Brazil's Environment Minister Calls for Courage to Create Fossil Fuel Phase-out Roadmap at COP30
The climate chief, the minister, has urged all nations to demonstrate the courage needed to address the necessity of a global fossil fuel phaseout, labeling the development of a roadmap as an “ethical” answer to the global warming emergency.
She stressed, however, that participation in this endeavor would be optional and “self-determined” for willing governments.
This issue stands as one of the most debated matters at the UN climate summit in the host country, with countries divided over whether and how such a strategy can be discussed. As the host, Brazil has maintained a carefully neutral stance on which items can be included on the formal schedule.
The official expressed support for the possibility of a plan, though not directly committing the country to it. She stated: “In times we have a terrain that is quite grim, it is helpful that we have a map. But the guide does not compel us to proceed, or to climb.”
Speaking further, she noted: “The roadmap is an response to our scientific knowledge [of the climate crisis]. It is an ethical response.”

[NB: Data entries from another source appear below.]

lemma exact_dist2_iff:
  assumes "graph V E"
  shows "exact_dist2 V E u v \<longleftrightarrow> u \<noteq> v \<and> \<not> E u v \<and> (\<exists>w. E u w \<and> E w v)"
proof
  assume "exact_dist2 V E u v"
  then have dist: "has_dist V E u v 2" by (simp add: exact_dist2_def)
  then obtain xs where xs: "walk_between V E u v xs" "length xs = 3"
    unfolding has_dist_def by auto
  then obtain w where w: "E u w" "E w v" by (rule walk_between_length_3)
  have V: "u \<in> V" "v \<in> V" using graph_edgeD[OF assms] w by blast+
  have "\<not> walk_between V E u v ys" if "length ys < 3" for ys
    using dist that unfolding has_dist_def by fastforce
  from this[of "[u]"] this[of "[u, v]"] V w show "u \<noteq> v \<and> \<not> E u v \<and> (\<exists>w. E u w \<and> E w v)"
    by (auto simp: walk_between_def walk_Cons_Cons walk_singleton)
next
  assume "u \<noteq> v \<and> \<not> E u v \<and> (\<exists>w. E u w \<and> E w v)"
  then obtain w where uv: "u \<noteq> v" "\<not> E u v" and w: "E u w" "E w v" by blast
  have "walk_between V E u v [u, w, v]"
    using w graph_edgeD(1,2)[OF assms] by (auto simp: walk_between_def walk_Cons_Cons walk_singleton)
  moreover have "3 \<le> length xs" if "walk_between V E u v xs" for xs
  proof (rule ccontr)
    assume "\<not> 3 \<le> length xs"
    moreover have "length xs \<noteq> 0" using that by (simp add: walk_between_def walk_def)
    ultimately have "length xs = 1 \<or> length xs = 2" by linarith
    then show False
      using walk_between_length_1[OF that] walk_between_length_2[OF that] uv by auto
  qed
  ultimately show "exact_dist2 V E u v"
    unfolding exact_dist2_def has_dist_def by (auto simp: numeral_3_eq_3)
qed

lemma i2dmv_iff_clique_exact_dist2:
  assumes "graph V E"
  shows "i2dmv V E A \<longleftrightarrow> clique V (exact_dist2 V E) A"
proof
  assume i2: "i2dmv V E A"
  have "exact_dist2 V E u v" if uv: "u \<in> A" "v \<in> A" "u \<noteq> v" for u v
  proof -
    from i2 uv obtain n where "has_dist V E u v n" "n \<le> 2"
      unfolding i2dmv_def dmv2_def by blast
    moreover have "\<not> E u v" using i2 uv unfolding i2dmv_def independent_def by blast
    ultimately show ?thesis
      using has_dist_le_2_non_adjacent uv(3) unfolding exact_dist2_def by metis
  qed
  moreover have "A \<subseteq> V" using i2 by (simp add: i2dmv_def independent_def)
  ultimately show "clique V (exact_dist2 V E) A" by (simp add: clique_def)
next
  assume clq: "clique V (exact_dist2 V E) A"
  have indep: "\<not> E u v" if "u \<in> A" "v \<in> A" for u v
    using clq that graph_edgeD(3)[OF assms]
    unfolding clique_def exact_dist2_iff[OF assms] by blast
  have "\<exists>xs n. has_dist V E u v n \<and> n \<le> 2 \<and> walk_between V E u v xs \<and> length xs = Suc n
      \<and> set (butlast (tl xs)) \<inter> A = {}" if uv: "u \<in> A" "v \<in> A" "u \<noteq> v" for u v
  proof -
    have dist: "has_dist V E u v 2" using clq uv unfolding clique_def exact_dist2_def by blast
    then obtain xs where xs: "walk_between V E u v xs" "length xs = 3"
      unfolding has_dist_def by auto
    then obtain w where w: "xs = [u, w, v]" "E u w" by (rule walk_between_length_3)
    have "w \<notin> A" using indep[OF uv(1)] w(2) by blast
    with dist xs w show ?thesis by (intro exI[of _ xs] exI[of _ 2]) simp
  qed
  moreover have "A \<subseteq> V" using clq by (simp add: clique_def)
  ultimately show "i2dmv V E A"
    using indep unfolding i2dmv_def dmv2_def independent_def by blast
qed

lemma chi_imu2_eq_clique_cover_number:
  assumes "graph V E"
  shows "chi_imu2 V E = clique_cover_number V (exact_dist2 V E)"
  unfolding clique_cover_number_def chi_imu2_def by (simp add: i2dmv_iff_clique_exact_dist2[OF assms])

lemma common_neighbour_exact_dist2:
  assumes "graph V E" "girth V E > 3" "E u w" "E v w" "u \<noteq> v"
  shows "exact_dist2 V E u v"
proof -
  have "\<not> E u v"
    using girth_gt_3_no_triangle[OF assms(1,2) _ assms(4)] graph_edgeD(4)[OF assms(1,3)] by blast
  with assms(3-5) graph_edgeD(4)[OF assms(1,4)] show ?thesis
    unfolding exact_dist2_iff[OF assms(1)] by blast
qed

lemma exact_dist2_triple_common_neighbour:
  assumes g: "graph V E" and girth: "girth V E > 6"
    and ab: "exact_dist2 V E a b" and bc: "exact_dist2 V E b c" and ca: "exact_dist2 V E c a"
    and x: "E a x" "E x b"
  shows "E c x"
proof (rule ccontr)
  assume cx: "\<not> E c x"
  have sym: "E p q \<Longrightarrow> E q p" and irrefl: "E p q \<Longrightarrow> p \<noteq> q" for p q
    using graph_edgeD[OF g] by blast+
  note d2 = exact_dist2_iff[OF g]
  have non_adj: "\<not> E a b" "\<not> E b c" "\<not> E c a" and "a \<noteq> b" "b \<noteq> c" "c \<noteq> a"
    using ab bc ca unfolding d2 by blast+
  obtain y where y: "E b y" "E y c" using bc d2 by blast
  obtain z where z: "E c z" "E z a" using ca d2 by blast
  have "x \<noteq> y" "x \<noteq> z" "x \<noteq> c" "y \<noteq> a" "z \<noteq> b"
    using x y z cx non_adj sym by blast+
  show False
  proof (cases "y = z")
    case True
    have "girth V E > 4" by (rule less_trans[OF _ girth]) (simp add: numeral_eq_enat)
    with True z(2) \<open>a \<noteq> b\<close> \<open>x \<noteq> y\<close> show False
      using girth_gt_4_no_4_cycle[OF g _ x y(1)] by blast
  next
    case False
    have "distinct [a, x, b, y, c, z]"
      using False \<open>a \<noteq> b\<close> \<open>b \<noteq> c\<close> \<open>c \<noteq> a\<close> \<open>x \<noteq> y\<close> \<open>x \<noteq> z\<close> \<open>x \<noteq> c\<close> \<open>y \<noteq> a\<close> \<open>z \<noteq> b\<close>
        irrefl[OF x(1)] irrefl[OF x(2)] irrefl[OF y(1)] irrefl[OF y(2)] irrefl[OF z(1)] irrefl[OF z(2)]
      by auto
    then show False using girth_gt_6_no_6_cycle[OF g girth x y z] by blast
  qed
qed

lemma clique_exact_dist2_common_neighbour:
  assumes g: "graph V E" and girth: "girth V E > 6" and no_isolated: "\<forall>v\<in>V. \<exists>u. E v u"
    and clq: "clique V (exact_dist2 V E) A" and "A \<noteq> {}"
  obtains x where "x \<in> V" "\<forall>a\<in>A. E a x"
proof (cases "\<exists>a b. a \<in> A \<and> b \<in> A \<and> a \<noteq> b")
  case False
  with \<open>A \<noteq> {}\<close> obtain a where A: "A = {a}" by blast
  with clq no_isolated obtain x where "E a x" by (auto simp: clique_def)
  with A graph_edgeD(2)[OF g] show thesis by (intro that) auto
next
  case True
  then obtain a b where ab: "a \<in> A" "b \<in> A" "a \<noteq> b" by blast
  have d2: "exact_dist2 V E p q" if "p \<in> A" "q \<in> A" "p \<noteq> q" for p q
    using clq that by (simp add: clique_def)
  obtain x where x: "E a x" "E x b" using d2[OF ab] exact_dist2_iff[OF g] by blast
  have "E c x" if "c \<in> A" for c
  proof -
    consider "c = a" | "c = b" | "c \<noteq> a" "c \<noteq> b" by blast
    then show ?thesis
    proof cases
      case 1
      with x show ?thesis by simp
    next
      case 2
      with graph_edgeD(4)[OF g x(2)] show ?thesis by simp
    next
      case 3
      with ab that show ?thesis
        using exact_dist2_triple_common_neighbour[OF g girth d2[OF ab] d2[OF ab(2) that] d2[OF that ab(1)] x]
        by auto
    qed
  qed
  with graph_edgeD(2)[OF g x(1)] show thesis by (meson that)
qed

lemma clique_cover_number_le:
  assumes "is_partition V P" "\<forall>A\<in>P. clique V E A"
  shows "clique_cover_number V E \<le> card P"
  unfolding clique_cover_number_def by (rule Least_le) (use assms in blast)

lemma obtain_minimum_clique_partition:
  obtains P where "is_partition V P" "card P = clique_cover_number V E" "\<forall>A\<in>P. clique V E A"
proof -
  let ?singletons = "(\<lambda>v. {v}) ` V"
  have "is_partition V ?singletons"
    by (auto simp: is_partition_def pairwise_def disjnt_def)
  moreover have "\<forall>A\<in>?singletons. clique V E A" by (auto simp: clique_def)
  ultimately have "\<exists>P. is_partition V P \<and> card P = card ?singletons \<and> (\<forall>A\<in>P. clique V E A)"
    by blast
  then have "\<exists>P. is_partition V P \<and> card P = clique_cover_number V E \<and> (\<forall>A\<in>P. clique V E A)"
    unfolding clique_cover_number_def by (rule LeastI)
  with that show thesis by blast
qed

lemma total_dom_number_le:
  assumes "D \<subseteq> V" "\<forall>v\<in>V. \<exists>d\<in>D. E v d"
  shows "total_dom_number V E \<le> card D"
  unfolding total_dom_number_def by (rule Least_le) (use assms in blast)

lemma obtain_minimum_total_dominating_set:
  assumes "graph V E" "\<forall>v\<in>V. \<exists>u. E v u"
  obtains D where "D \<subseteq> V" "card D = total_dom_number V E" "\<forall>v\<in>V. \<exists>d\<in>D. E v d"
proof -
  have "\<forall>v\<in>V. \<exists>d\<in>V. E v d" using assms graph_edgeD(2) by metis
  then have "\<exists>D. D \<subseteq> V \<and> card D = card V \<and> (\<forall>v\<in>V. \<exists>d\<in>D. E v d)" by blast
  then have "\<exists>D. D \<subseteq> V \<and> card D = total_dom_number V E \<and> (\<forall>v\<in>V. \<exists>d\<in>D. E v d)"
    unfolding total_dom_number_def by (rule LeastI)
  with that show thesis by blast
qed

lemma is_partition_fibres: "is_partition V ((\<lambda>y. {v\<in>V. f v = y}) ` f ` V)"
  by (auto simp: is_partition_def pairwise_def disjnt_def)

lemma clique_cover_number_exact_dist2_le_total_dom_number:
  assumes g: "graph V E" and girth: "girth V E > 3" and no_isolated: "\<forall>v\<in>V. \<exists>u. E v u"
  shows "clique_cover_number V (exact_dist2 V E) \<le> total_dom_number V E"
proof -
  obtain D where D: "D \<subseteq> V" "card D = total_dom_number V E" "\<forall>v\<in>V. \<exists>d\<in>D. E v d"
    using obtain_minimum_total_dominating_set[OF g no_isolated] .
  from D(3) obtain f where f: "\<And>v. v \<in> V \<Longrightarrow> f v \<in> D \<and> E v (f v)" by metis
  define P where "P = (\<lambda>d. {v\<in>V. f v = d}) ` f ` V"
  have "exact_dist2 V E u v" if "u \<in> V" "v \<in> V" "f u = f v" "u \<noteq> v" for u v
    using common_neighbour_exact_dist2[OF g girth, of u "f u" v] f[OF that(1)] f[OF that(2)] that(3-4)
    by simp
  then have "clique V (exact_dist2 V E) {v\<in>V. f v = d}" for d
    unfolding clique_def by blast
  then have "\<forall>A\<in>P. clique V (exact_dist2 V E) A"
    unfolding P_def by blast
  then have "clique_cover_number V (exact_dist2 V E) \<le> card P"
    unfolding P_def by (intro clique_cover_number_le is_partition_fibres)
  also have "\<dots> \<le> card (f ` V)"
    unfolding P_def using g by (intro card_image_le) (simp add: graph_def)
  also have "\<dots> \<le> card D"
    using D(1) f g by (intro card_mono) (auto simp: graph_def intro: finite_subset)
  finally show ?thesis using D(2) by simp
qed

lemma total_dom_number_le_clique_cover_number_exact_dist2:
  assumes g: "graph V E" and girth: "girth V E > 6" and no_isolated: "\<forall>v\<in>V. \<exists>u. E v u"
  shows "total_dom_number V E \<le> clique_cover_number V (exact_dist2 V E)"
proof -
  obtain Q where Q: "is_partition V Q" "card Q = clique_cover_number V (exact_dist2 V E)"
    and clq: "\<forall>A\<in>Q. clique V (exact_dist2 V E) A"
    by (rule obtain_minimum_clique_partition)
  have "\<exists>x. x \<in> V \<and> (\<forall>a\<in>A. E a x)" if "A \<in> Q" for A
    using clique_exact_dist2_common_neighbour[OF g girth no_isolated] clq Q(1) that
    unfolding is_partition_def by metis
  then obtain h where h: "\<And>A. A \<in> Q \<Longrightarrow> h A \<in> V \<and> (\<forall>a\<in>A. E a (h A))" by metis
  have "total_dom_number V E \<le> card (h ` Q)"
    using h Q(1) by (intro total_dom_number_le) (auto simp: is_partition_def)
  also have "\<dots> \<le> card Q"
    using Q(1) g by (intro card_image_le) (auto simp: is_partition_def graph_def finite_UnionD)
  finally show ?thesis using Q(2) by simp
qed

theorem theorem3p6:
  fixes V :: "'a set" and E :: "'a \<Rightarrow> 'a \<Rightarrow> bool"
  assumes "graph V E"
    and "girth V E \<ge> 7"
    and "\<forall>v\<in>V. \<exists>u. E v u"
  shows "clique_cover_number V (exact_dist2 V E) = chi_imu2 V E
       \<and> chi_imu2 V E = total_dom_number V E"
proof -
  have girth6: "girth V E > 6" and girth3: "girth V E > 3"
    using assms(2) by (auto intro: order.strict_trans2[rotated] simp: numeral_eq_enat)
  show ?thesis
    using chi_imu2_eq_clique_cover_number[OF assms(1)]
      clique_cover_number_exact_dist2_le_total_dom_number[OF assms(1) girth3 assms(3)]
      total_dom_number_le_clique_cover_number_exact_dist2[OF assms(1) girth6 assms(3)]
    by simp
qed

end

Dozens of nations gathered in the host city for the global climate conference, which is starting its next phase, are aiming to establish how a worldwide transition of oil, gas, and coal could be implemented. They aim to build on a historic agreement reached two years ago at a previous UN summit to “transition away from non-renewable energy sources.”
The commitment lacked a timetable or specifics on the way it could be realized, and even though it was passed by all, some nations have later tried to back away from the promise. Attempts last year to expand on its real-world implications were stymied by resistance from petrostates at another UN summit.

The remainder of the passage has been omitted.